Law school didn’t dampen my affair with alcohol. In fact, I’m pretty sure it intensified it. My friends and I would spend evenings debating the theories of crime and punishment, or whether Ross and Rachel would ever end up together. And all the while, we had bottles of beer, wine, whiskey and vodka flowing freely around us. I got married while in law school. That lasted for about a year. My ex-husband didn’t appreciate the fact that I would spend all night out with my friends at the bar and not tell him where I was. Apparently stumbling home at 4 a.m. reeking of booze and throwing up in the bathroom until it was time to leave for class again isn’t acceptable when you’re married. We parted amicably and have since become friends again, thanks to making amends through the AA program.
Again, I graduated at the top of my class, receiving awards for excellence. And I had an offer to work for one of the most prestigious law firms in Ohio.

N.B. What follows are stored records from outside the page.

lemma occurrence_initial_factor:
  assumes occ: "occurrence \<pi> \<sigma> {1..m - 1} is" and m: "0 < m" "m \<le> length \<sigma>"
  shows "order_iso (take m (drop (is ! 0) \<pi>)) (take m \<sigma>)"
proof -
  have len: "length is = length \<sigma>" and bounds: "\<forall>i\<in>set is. i < length \<pi>"
    and iso: "order_iso (map ((!) \<pi>) is) \<sigma>" and adj: "\<forall>x\<in>{1..m - 1}. is ! x = is ! (x - 1) + 1"
    using occ by (auto simp: occurrence_def)
  have consec: "is ! j = is ! 0 + j" if "j < m" for j
    using that
  proof (induction j)
    case (Suc j)
    hence "Suc j \<in> {1..m - 1}" by auto
    with adj Suc show ?case by fastforce
  qed simp
  have "is ! (m - 1) < length \<pi>" using bounds len m by auto
  hence room: "is ! 0 + m \<le> length \<pi>" using consec[of "m - 1"] m by simp
  have "take m (drop (is ! 0) \<pi>) = take m (map ((!) \<pi>) is)"
  proof (rule nth_equalityI)
    show "length (take m (drop (is ! 0) \<pi>)) = length (take m (map ((!) \<pi>) is))"
      using room len m by simp
    fix j assume "j < length (take m (drop (is ! 0) \<pi>))"
    hence j: "j < m" using room by simp
    thus "take m (drop (is ! 0) \<pi>) ! j = take m (map ((!) \<pi>) is) ! j"
      using consec[OF j] room len m by simp
  qed
  thus ?thesis using order_iso_take[OF iso] by simp
qed

(* On a word of distinct letters, deleting a prefix acts on the suffix by an order-preserving
   relabelling, so it has the same occurrences as the suffix. *)
lemma occurrence_del_prefix:
  assumes "distinct \<pi>"
  shows "occurrence (del {1..s} \<pi>) \<sigma> X is \<longleftrightarrow> occurrence (drop s \<pi>) \<sigma> X is"
proof -
  have "del {1..s} \<pi> = map (squeeze (take s \<pi>)) (drop s \<pi>)" by (rule del_first_letters)
  moreover have "set (take s \<pi>) \<inter> set (drop s \<pi>) = {}"
    using assms by (simp add: set_take_disj_set_drop_if_distinct)
  hence "(squeeze (take s \<pi>) x < squeeze (take s \<pi>) y) = (x < y)"
    if "x \<in> set (drop s \<pi>)" "y \<in> set (drop s \<pi>)" for x y
    using that assms by (intro squeeze_less_iff) auto
  ultimately show ?thesis by (simp add: occurrence_map)
qed

lemma contains_del_prefix_iff:
  assumes \<pi>: "distinct \<pi>" and X: "\<forall>x\<in>X. x < length \<sigma>"
  shows "contains (del {1..s} \<pi>) (\<sigma>, X) \<longleftrightarrow> (\<exists>is. occurrence \<pi> \<sigma> X is \<and> (\<forall>i\<in>set is. s \<le> i))"
proof
  assume "contains (del {1..s} \<pi>) (\<sigma>, X)"
  then obtain "is" where "occurrence (drop s \<pi>) \<sigma> X is"
    using occurrence_del_prefix[OF \<pi>] by (auto simp: contains_iff_occurrence)
  hence "occurrence \<pi> \<sigma> X (map ((+) s) is)" using occurrence_drop[OF X] by simp
  thus "\<exists>is. occurrence \<pi> \<sigma> X is \<and> (\<forall>i\<in>set is. s \<le> i)" by fastforce
next
  assume "\<exists>is. occurrence \<pi> \<sigma> X is \<and> (\<forall>i\<in>set is. s \<le> i)"
  then obtain "is" where occ: "occurrence \<pi> \<sigma> X is" and late: "\<forall>i\<in>set is. s \<le> i" by blast
  have "map ((+) s) (map (\<lambda>i. i - s) is) = is" using late by (induction "is") auto
  hence "occurrence (drop s \<pi>) \<sigma> X (map (\<lambda>i. i - s) is)" using occ occurrence_drop[OF X] by metis
  thus "contains (del {1..s} \<pi>) (\<sigma>, X)"
    using occurrence_del_prefix[OF \<pi>] by (auto simp: contains_iff_occurrence)
qed

(* Under the hypothesis of the theorem, no occurrence of (sigma, {1..m-1}) in a permutation
   starting with w can start inside the first s positions: its first letters would make a factor
   p_a p_(a+1) ... of p order-isomorphic to a prefix of sigma. *)
lemma occurrence_starts_late:
  assumes hyp: "\<forall>a\<in>{1..s}. \<not> order_iso (take (min m (length p - a + 1)) (drop (a - 1) p))
                                        (take (min m (length p - a + 1)) \<sigma>)"
    and s: "s \<le> length p" and wp: "order_iso w p" and prefix: "take (length p) \<pi> = w"
    and occ: "occurrence \<pi> \<sigma> {1..m - 1} is" and m: "0 < m" "m \<le> length \<sigma>"
  shows "s \<le> is ! 0"
proof (rule ccontr)
  assume early: "\<not> s \<le> is ! 0"
  define i0 where "i0 = is ! 0"
  define j where "j = min m (length p - i0)"
  have "order_iso (take m (drop i0 \<pi>)) (take m \<sigma>)"
    unfolding i0_def by (rule occurrence_initial_factor[OF occ m])
  hence "order_iso (take j (take m (drop i0 \<pi>))) (take j (take m \<sigma>))" by (rule order_iso_take)
  moreover have "j \<le> m" by (simp add: j_def)
  ultimately have in_\<pi>: "order_iso (take j (drop i0 \<pi>)) (take j \<sigma>)" by (simp add: min_absorb1)
  have "take j (drop i0 w) = take j (drop i0 \<pi>)"
    unfolding prefix[symmetric] by (simp add: j_def drop_take)
  hence in_w: "order_iso (take j (drop i0 w)) (take j \<sigma>)" using in_\<pi> by simp
  have "order_iso (take j (drop i0 p)) (take j (drop i0 w))"
    using order_iso_take[OF order_iso_drop[OF order_iso_sym[OF wp]]] .
  hence "order_iso (take j (drop i0 p)) (take j \<sigma>)" using in_w by (rule order_iso_trans)
  moreover have "i0 + 1 \<in> {1..s}" and "length p - (i0 + 1) + 1 = length p - i0"
    using early s by (auto simp: i0_def)
  ultimately show False using hyp unfolding j_def by force
qed

(* Hence the occurrences of (sigma, {1..m-1}) in pi all avoid the first s positions, and deleting
   them preserves avoidance.  (The hypothesis for a = 1 also forces m > 0.) *)
lemma avoidance_preserved:
  assumes hyp: "\<forall>a\<in>{1..s}. \<not> order_iso (take (min m (length p - a + 1)) (drop (a - 1) p))
                                        (take (min m (length p - a + 1)) \<sigma>)"
    and s: "1 \<le> s" "s \<le> length p" and m: "m \<le> length \<sigma>"
    and wp: "order_iso w p" and \<pi>: "distinct \<pi>" "take (length p) \<pi> = w"
  shows "avoids {(\<sigma>, {1..m - 1})} (del {1..s} \<pi>) = avoids {(\<sigma>, {1..m - 1})} \<pi>"
proof -
  have "m \<noteq> 0"
  proof
    assume "m = 0"
    moreover have "1 \<in> {1..s}" using s by simp
    ultimately show False using hyp by (auto simp: order_iso_def)
  qed
  have X: "\<forall>x\<in>{1..m - 1}. x < length \<sigma>" using m by auto
  have "contains \<pi> (\<sigma>, {1..m - 1}) \<longleftrightarrow>
        (\<exists>is. occurrence \<pi> \<sigma> {1..m - 1} is \<and> (\<forall>i\<in>set is. s \<le> i))"
  proof (intro iffI)
    assume "contains \<pi> (\<sigma>, {1..m - 1})"
    then obtain "is" where occ: "occurrence \<pi> \<sigma> {1..m - 1} is"
      by (auto simp: contains_iff_occurrence)
    have "s \<le> is ! 0"
      using occurrence_starts_late[OF hyp s(2) wp \<pi>(2) occ] \<open>m \<noteq> 0\<close> m by simp
    moreover have "sorted_wrt (<) is" using occ by (simp add: occurrence_def)
    ultimately have "\<forall>i\<in>set is. s \<le> i" by (cases "is") auto
    with occ show "\<exists>is. occurrence \<pi> \<sigma> {1..m - 1} is \<and> (\<forall>i\<in>set is. s \<le> i)" by blast
  qed (auto simp: contains_iff_occurrence)
  thus ?thesis using contains_del_prefix_iff[OF \<pi>(1) X] by (simp add: avoids_def)
qed

theorem mainTheorem11:
  fixes \<sigma> p :: "nat list" and t k s :: nat
  assumes "\<sigma> \<in> perms t" and "p \<in> perms k" and "1 \<le> s" and "s \<le> k"
  shows "((\<forall>a\<in>{1..s}. \<not> order_iso (take (min t (k - a + 1)) (drop (a - 1) p))
                                    (take (min t (k - a + 1)) \<sigma>))
           \<longrightarrow> rev_deletable {1..s} p {(\<sigma>, {1..t - 1})})
       \<and> ((\<forall>a\<in>{1..s}. \<not> order_iso (take (min (t - 1) (k - a + 1)) (drop (a - 1) p))
                                    (take (min (t - 1) (k - a + 1)) \<sigma>))
           \<longrightarrow> rev_deletable {1..s} p {(\<sigma>, {1..t - 2})})"
proof -
  have k: "length p = k" and t: "length \<sigma> = t" using assms(1,2) perms_length by auto
  have deletable: "rev_deletable {1..s} p {(\<sigma>, {1..m - 1})}"
    if "m \<le> t" and hyp: "\<forall>a\<in>{1..s}. \<not> order_iso (take (min m (k - a + 1)) (drop (a - 1) p))
                                                (take (min m (k - a + 1)) \<sigma>)" for m
  proof (rule rev_deletable_prefixI)
    show "s \<le> length p" using assms(4) k by simp
    fix w \<pi> assume "order_iso w p" "distinct \<pi>" "take (length p) \<pi> = w"
    thus "avoids {(\<sigma>, {1..m - 1})} (del {1..s} \<pi>) = avoids {(\<sigma>, {1..m - 1})} \<pi>"
      using avoidance_preserved[of s m p \<sigma>] hyp assms(3,4) \<open>m \<le> t\<close> k t by simp
  qed
  have "t - 1 - 1 = t - 2" by simp
  thus ?thesis using deletable[of t] deletable[of "t - 1"] by auto
qed

end
(* Let $n$ and $m$ be positive integers, let $\mathcal{X}_1, \dots, \mathcal{X}_m$ be vector spaces over a field $\mathbb{F}$, and let $x_a = x_{a,1}\otimes\cdots\otimes x_{a,m}$, $a\in\{1,\dots,n\}$, be linearly independent product vectors (all $x_{a,j}\in\mathcal{X}_j$ non-zero). If there exist non-zero scalars $\alpha_1, \dots, \alpha_n \in \mathbb{F} \setminus \{0\}$ such that $\sum_{a =1}^n \alpha_a x_a$ is a product vector, then $\dim \operatorname{span} \{ x_{a, j}: a \in \{1,\dots,n\}\} >1$ for at most $n-1$ indices $j \in \{1,\dots,m\}$.
   Context: A product vector in $\mathcal{X}_1\otimes\cdots\otimes\mathcal{X}_m$ is a vector $x_1\otimes\cdots\otimes x_m$ with all $x_j$ non-zero (in particular, a product vector is non-zero). *)

theory Defs
  imports Complex_Main "HOL-Library.Function_Algebras"
begin

text \<open>Model: each space X_j is realised as a subspace of the coordinate space 'b => 'a
 (every vector space over 'a embeds into such a space). The tensor product
 X_1 (x) ... (x) X_m is realised inside the functions (nat => 'b) => 'a, the product vector
 v_1 (x) ... (x) v_m being the function f |-> prod_{j=1..m} v_j (f j). The natural map from
 the algebraic tensor product into this function space is injective, so this is faithful.\<close>

definition fscale :: "'a::field \<Rightarrow> ('x \<Rightarrow> 'a) \<Rightarrow> ('x \<Rightarrow> 'a)" where
  "fscale c f = (\<lambda>x. c * f x)"

lemma vector_space_fscale: "vector_space (fscale :: 'a::field \<Rightarrow> ('x \<Rightarrow> 'a) \<Rightarrow> _)"
  by unfold_locales (auto simp: fscale_def algebra_simps fun_eq_iff)

definition tensor :: "nat \<Rightarrow> (nat \<Rightarrow> 'b \<Rightarrow> 'a::field) \<Rightarrow> ((nat \<Rightarrow> 'b) \<Rightarrow> 'a)" where
  "tensor m v = (\<lambda>f. \<Prod>j\<in>{1..m}. v j (f j))"

definition product_vector :: "nat \<Rightarrow> ((nat \<Rightarrow> 'b) \<Rightarrow> 'a::field) \<Rightarrow> bool" where
  "product_vector m z \<longleftrightarrow> (\<exists>v. (\<forall>j\<in>{1..m}. v j \<noteq> 0) \<and> z = tensor m v)"

definition lin_indep_family :: "'i set \<Rightarrow> ('i \<Rightarrow> 'x \<Rightarrow> 'a::field) \<Rightarrow> bool" where
  "lin_indep_family I v \<longleftrightarrow>
     (\<forall>c. (\<Sum>i\<in>I. fscale (c i) (v i)) = 0 \<longrightarrow> (\<forall>i\<in>I. c i = 0))"

end

theory Submission
  imports Defs
begin

text \<open>Adjoin the product vector \<open>y = \<Sum>\<^sub>a \<alpha>\<^sub>a x\<^sub>a\<close> to the family as \<open>x\<^sub>0\<close>. Since the only linear
  relation among \<open>x\<^sub>0, \<dots>, x\<^sub>n\<close> has all coefficients non-zero, the enlarged family is connected:
  whenever it is split into two non-empty parts, the spans of the parts meet non-trivially.
  By induction on the number of tensor factors one shows that a connected family of product
  vectors spanned by a subfamily \<open>B\<close> has fewer than \<open>|B|\<close> positions at which the factors are not
  all parallel. Removing the last factor preserves connectedness and spanning. If the last
  factors are not all parallel, the truncated vectors indexed by \<open>B\<close> are linearly dependent:
  otherwise, comparing expansions in \<open>B\<close>, every vector only involves members of \<open>B\<close> whose last
  factor is parallel to its own, so the classes of parallel last factors would split the family
  into parts with independent spans. Hence \<open>B\<close> can be shrunk by one element.\<close>

definition lincomb :: "('i \<Rightarrow> 'x \<Rightarrow> 'a::field) \<Rightarrow> 'i set \<Rightarrow> ('i \<Rightarrow> 'a) \<Rightarrow> 'x \<Rightarrow> 'a" where
  "lincomb v I c = (\<Sum>i\<in>I. fscale (c i) (v i))"

definition parallel :: "('x \<Rightarrow> 'a::field) \<Rightarrow> ('x \<Rightarrow> 'a) \<Rightarrow> bool" where
  "parallel u w \<longleftrightarrow> (\<exists>c. u = fscale c w)"

definition span_connected :: "'i set \<Rightarrow> ('i \<Rightarrow> 'x \<Rightarrow> 'a::field) \<Rightarrow> bool" where
  "span_connected A v \<longleftrightarrow> (\<forall>A1\<subseteq>A. A1 \<noteq> {} \<longrightarrow> A1 \<noteq> A \<longrightarrow>
      (\<exists>g. g \<noteq> 0 \<and> (\<exists>c. g = lincomb v A1 c) \<and> (\<exists>d. g = lincomb v (A - A1) d)))"

definition nonparallel_positions :: "nat \<Rightarrow> ('i \<Rightarrow> nat \<Rightarrow> 'x \<Rightarrow> 'a::field) \<Rightarrow> 'i set \<Rightarrow> nat set"
  where "nonparallel_positions m v A = {j\<in>{1..m}. \<exists>a\<in>A. \<exists>b\<in>A. \<not> parallel (v a j) (v b j)}"

lemma lincomb_apply [simp]: "lincomb v I c x = (\<Sum>i\<in>I. c i * v i x)"
proof (cases "finite I")
  case True
  then show ?thesis
    by (induction I rule: finite_induct) (simp_all add: lincomb_def fscale_def)
qed (simp add: lincomb_def)

lemma lincomb_diff: "lincomb v I c - lincomb v I d = lincomb v I (\<lambda>i. c i - d i)"
  by (simp add: fun_eq_iff sum_subtractf left_diff_distrib)

lemma lincomb_fscale: "fscale r (lincomb v I c) = lincomb v I (\<lambda>i. r * c i)"
  by (simp add: fscale_def fun_eq_iff sum_distrib_left mult.assoc)

lemma lincomb_delta:
  assumes "finite I" "i \<in> I"
  shows "v i = lincomb v I (\<lambda>j. if j = i then 1 else 0)"
  using assms by (simp add: fun_eq_iff if_distrib[of "\<lambda>x. x * _"] cong: if_cong)

lemma lincomb_compose:
  assumes "\<forall>a\<in>X. v a = lincomb v Y (\<gamma> a)"
  shows "lincomb v X c = lincomb v Y (\<lambda>b. \<Sum>a\<in>X. c a * \<gamma> a b)"
proof
  fix f
  have "lincomb v X c f = (\<Sum>a\<in>X. \<Sum>b\<in>Y. c a * \<gamma> a b * v b f)"
    using assms by (simp add: sum_distrib_left mult.assoc cong: sum.cong)
  also have "\<dots> = (\<Sum>b\<in>Y. \<Sum>a\<in>X. c a * \<gamma> a b * v b f)"
    by (rule sum.swap)
  also have "\<dots> = lincomb v Y (\<lambda>b. \<Sum>a\<in>X. c a * \<gamma> a b) f"
    by (simp add: sum_distrib_right)
  finally show "lincomb v X c f = lincomb v Y (\<lambda>b. \<Sum>a\<in>X. c a * \<gamma> a b) f" .
qed

lemma lincomb_eliminate:
  assumes "finite B" "b0 \<in> B" "lincomb v B e = 0" "e b0 \<noteq> 0"
  shows "lincomb v B g = lincomb v (B - {b0}) (\<lambda>b. g b - g b0 / e b0 * e b)"
proof
  fix f
  have "lincomb v B g f = lincomb v B g f - g b0 / e b0 * lincomb v B e f"
    using assms(3) by simp
  also have "\<dots> = (\<Sum>b\<in>B. (g b - g b0 / e b0 * e b) * v b f)"
    by (simp add: sum_subtractf sum_distrib_left algebra_simps)
  also have "\<dots> = lincomb v (B - {b0}) (\<lambda>b. g b - g b0 / e b0 * e b) f"
    using assms(1,2,4) by (simp add: sum.remove)
  finally show "lincomb v B g f = lincomb v (B - {b0}) (\<lambda>b. g b - g b0 / e b0 * e b) f" .
qed

lemma lin_indep_family_lincomb:
  "lin_indep_family I v \<longleftrightarrow> (\<forall>c. lincomb v I c = 0 \<longrightarrow> (\<forall>i\<in>I. c i = 0))"
  by (simp add: lin_indep_family_def lincomb_def)

lemma lin_indep_family_coeff_unique:
  assumes "lin_indep_family I v" "lincomb v I c = lincomb v I d" "i \<in> I"
  shows "c i = d i"
proof -
  have "lincomb v I (\<lambda>i. c i - d i) = 0"
    using assms(2) lincomb_diff[of v I c d] by simp
  with assms(1,3) show ?thesis
    unfolding lin_indep_family_lincomb by fastforce
qed

lemma lin_indep_family_subset:
  assumes "lin_indep_family I v" "finite I" "J \<subseteq> I"
  shows "lin_indep_family J v"
  unfolding lin_indep_family_lincomb
proof (intro allI impI ballI)
  fix c j assume c: "lincomb v J c = 0" and "j \<in> J"
  have "lincomb v I (\<lambda>i. if i \<in> J then c i else 0) = lincomb v J c"
  proof
    fix x
    have "(\<Sum>i\<in>I. (if i \<in> J then c i else 0) * v i x) = (\<Sum>i\<in>I. if i \<in> J then c i * v i x else 0)"
      by (rule sum.cong) simp_all
    also have "\<dots> = (\<Sum>i\<in>I \<inter> J. c i * v i x)"
      using assms(2) by (rule sum.inter_restrict[symmetric])
    also have "I \<inter> J = J"
      using assms(3) by blast
    finally show "lincomb v I (\<lambda>i. if i \<in> J then c i else 0) x = lincomb v J c x"
      by simp
  qed
  with c have "lincomb v I (\<lambda>i. if i \<in> J then c i else 0) = 0"
    by simp
  with assms(1) have "\<forall>i\<in>I. (if i \<in> J then c i else 0) = 0"
    unfolding lin_indep_family_lincomb by blast
  with \<open>j \<in> J\<close> \<open>J \<subseteq> I\<close> have "(if j \<in> J then c j else 0) = 0"
    by blast
  with \<open>j \<in> J\<close> show "c j = 0"
    by simp
qed

lemma spanned_Diff_if_not_lin_indep:
  assumes "\<not> lin_indep_family B u" "finite B"
    and "\<forall>a\<in>A. \<exists>\<gamma>. u a = lincomb u B \<gamma>"
  obtains b0 where "b0 \<in> B" "\<forall>a\<in>A. \<exists>\<gamma>. u a = lincomb u (B - {b0}) \<gamma>"
proof -
  from assms(1) obtain e b0 where e: "lincomb u B e = 0" "b0 \<in> B" "e b0 \<noteq> 0"
    unfolding lin_indep_family_lincomb by blast
  have "\<exists>\<gamma>. u a = lincomb u (B - {b0}) \<gamma>" if "a \<in> A" for a
  proof -
    from assms(3) that obtain \<gamma> where "u a = lincomb u B \<gamma>"
      by blast
    also have "\<dots> = lincomb u (B - {b0}) (\<lambda>b. \<gamma> b - \<gamma> b0 / e b0 * e b)"
      by (rule lincomb_eliminate[OF assms(2) e(2,1,3)])
    finally show ?thesis by blast
  qed
  with e(2) show ?thesis by (blast intro: that)
qed

lemma parallel_refl: "parallel u u"
  unfolding parallel_def by (rule exI[of _ 1]) (simp add: fscale_def)

lemma parallel_trans: "parallel u w \<Longrightarrow> parallel w z \<Longrightarrow> parallel u z"
  unfolding parallel_def fscale_def by (metis mult.assoc)

lemma parallel_sym:
  assumes "parallel u w" "u \<noteq> 0"
  shows "parallel w u"
proof -
  obtain c where c: "u = fscale c w" using assms(1) by (auto simp: parallel_def)
  with assms(2) have "c \<noteq> 0" by (auto simp: fscale_def fun_eq_iff)
  with c have "w = fscale (inverse c) u" by (simp add: fscale_def fun_eq_iff)
  then show ?thesis by (auto simp: parallel_def)
qed
(* Let $n\ge 1$ and let $G_0=\mathbb{Z}^n$ be the graph with vertex set $\mathbb{Z}^n$ and edges between $a,b\in\mathbb{Z}^n$ iff $\sum_{k=1}^n|a_k-b_k|=1$. Let $G_{l+1}$ be the clique graph of $G_l$ for $l\ge0$. Then $G_{l+2}\cong G_l$ for every $l\ge 0$; in particular $G_{2k}\cong \mathbb{Z}^n$ and $G_{2k+1}\cong G_1$ for all $k\ge 0$.
   Context: Graphs are simple and undirected. A clique is a maximal complete subgraph. The clique graph of a graph $H$ has as vertices the cliques of $H$, two distinct cliques being adjacent iff they share at least one vertex. $\cong$ denotes graph isomorphism (bijection on vertices preserving adjacency in both directions). *)

theory Defs
  imports Main
begin

definition is_graph :: "'a set \<Rightarrow> ('a \<Rightarrow> 'a \<Rightarrow> bool) \<Rightarrow> bool" where
  "is_graph V E \<longleftrightarrow> (\<forall>x y. E x y \<longrightarrow> x \<in> V \<and> y \<in> V \<and> E y x \<and> x \<noteq> y)"

definition complete_set :: "'a set \<Rightarrow> ('a \<Rightarrow> 'a \<Rightarrow> bool) \<Rightarrow> 'a set \<Rightarrow> bool" where
  "complete_set V E C \<longleftrightarrow> C \<subseteq> V \<and> (\<forall>x\<in>C. \<forall>y\<in>C. x \<noteq> y \<longrightarrow> E x y)"

definition is_clique :: "'a set \<Rightarrow> ('a \<Rightarrow> 'a \<Rightarrow> bool) \<Rightarrow> 'a set \<Rightarrow> bool" where
  "is_clique V E C \<longleftrightarrow> C \<noteq> {} \<and> complete_set V E C \<and>
     (\<forall>D. complete_set V E D \<and> C \<subseteq> D \<longrightarrow> D = C)"

definition clique_V :: "'a set \<Rightarrow> ('a \<Rightarrow> 'a \<Rightarrow> bool) \<Rightarrow> 'a set set" where
  "clique_V V E = {C. is_clique V E C}"

definition clique_E :: "'a set \<Rightarrow> ('a \<Rightarrow> 'a \<Rightarrow> bool) \<Rightarrow> 'a set \<Rightarrow> 'a set \<Rightarrow> bool" where
  "clique_E V E C D \<longleftrightarrow> C \<in> clique_V V E \<and> D \<in> clique_V V E \<and> C \<noteq> D \<and> C \<inter> D \<noteq> {}"

definition graph_iso :: "'a set \<Rightarrow> ('a \<Rightarrow> 'a \<Rightarrow> bool) \<Rightarrow> 'b set \<Rightarrow> ('b \<Rightarrow> 'b \<Rightarrow> bool) \<Rightarrow> bool" where
  "graph_iso V E V' E' \<longleftrightarrow>
     (\<exists>f. bij_betw f V V' \<and> (\<forall>x\<in>V. \<forall>y\<in>V. E x y \<longleftrightarrow> E' (f x) (f y)))"

definition grid_V :: "nat \<Rightarrow> int list set" where
  "grid_V n = {a. length a = n}"

definition grid_E :: "nat \<Rightarrow> int list \<Rightarrow> int list \<Rightarrow> bool" where
  "grid_E n a b \<longleftrightarrow> a \<in> grid_V n \<and> b \<in> grid_V n \<and> (\<Sum>k<n. \<bar>a ! k - b ! k\<bar>) = 1"

end

theory Submission
  imports Defs
begin

text \<open>The grid \<open>\<int>\<^sup>n\<close> is triangle-free (adjacent points have coordinate sums of
  different parity) and every vertex has at least two neighbours. In such a graph the cliques
  are exactly the edges, so its clique graph is its line graph. The cliques of the line graph
  are exactly the stars of vertices: edges that pairwise meet without a common vertex would
  form a triangle. Since distinct vertices of degree at least two have distinct stars, and two
  stars meet iff their centres are adjacent, \<open>v \<mapsto> star v\<close> is an isomorphism
  \<open>G \<cong> K(K(G))\<close>. As the clique graph operator \<open>K\<close> respects isomorphism,
  \<open>G\<^sub>l\<^sub>+\<^sub>2 \<cong> K(K(G\<^sub>l))\<close>, and induction on \<open>l\<close> gives
  \<open>G\<^sub>l\<^sub>+\<^sub>2 \<cong> G\<^sub>l\<close>.\<close>

section \<open>Isomorphism invariance of the clique graph\<close>

lemma graph_iso_refl: "graph_iso V E V E"
  unfolding graph_iso_def by (rule exI[of _ id]) auto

They were going to pay me to study for the bar exam.
I studied for the bar exam with those same friends, and our drinking didn’t waver. We all passed the bar on the first try. I passed with plenty of room to spare, and in my mind I thought, “I must have studied too hard. I didn’t need to pass by this much.”
I spent my first 12 years of being a lawyer as a fairly successful litigator. I won more cases than I lost. I had made a name for myself within my law firm and within the court system. I argued in front of the Supreme Court of Ohio. Television stations, magazines and newspapers interviewed me about my cases. And all the while, I continued my affair with the bottle. Clearly, with all of my successes, I didn’t have a drinking problem. I was a great drinker.
I got married again a few years before I was set to make partner at the law firm. My new husband was OK with my drinking. In fact, he joined me enthusiastically in it. We would go out for dinner, and it wouldn’t be uncommon for us to walk out of a restaurant having paid a $300 bill, with $220 of it coming from our alcohol consumption. That was our routine two, maybe three times a week.
Our routine changed a bit when we had our children. Three wonderfully healthy kids who are to this day, the lights of my life. I didn’t drink when I was pregnant, so clearly I didn’t have a drinking problem. I didn’t drink often after I had the children. Every once in a while I would have a glass of wine, but only when I knew that someone was watching the baby.
After the kids were older, I returned to my old ways. I started out just having a glass or two of wine a night, or two or three beers, depending on where we were. Within a couple of months, I was drinking a bottle of wine with dinner, and then I would have a nightcap, which usually consisted of one or two very large glasses of whiskey or port.
The stress of being married, of having a demanding job—I’d been promoted by that time—and of raising my children while their father increasingly disappeared during the evenings, began to get to me. I became snappish with my children. I began peppering my husband with questions as to his whereabouts. I began doing the bare minimum to keep my job. And while all of these duties slid down the list, I always made sure that I had wine chilled in the fridge, beer in the other fridge and a fully stocked bar.
About three years ago, my life began to change. People began noticing a difference in me. I was no longer happy or smiling. My children would ask me what was wrong, and I would tell them to go play with their friends. My husband no longer came home at night until after we were all in bed. I began to suspect that something was going on with him. We argued and fought on a daily basis. And so I drank until I was drunk on a daily basis.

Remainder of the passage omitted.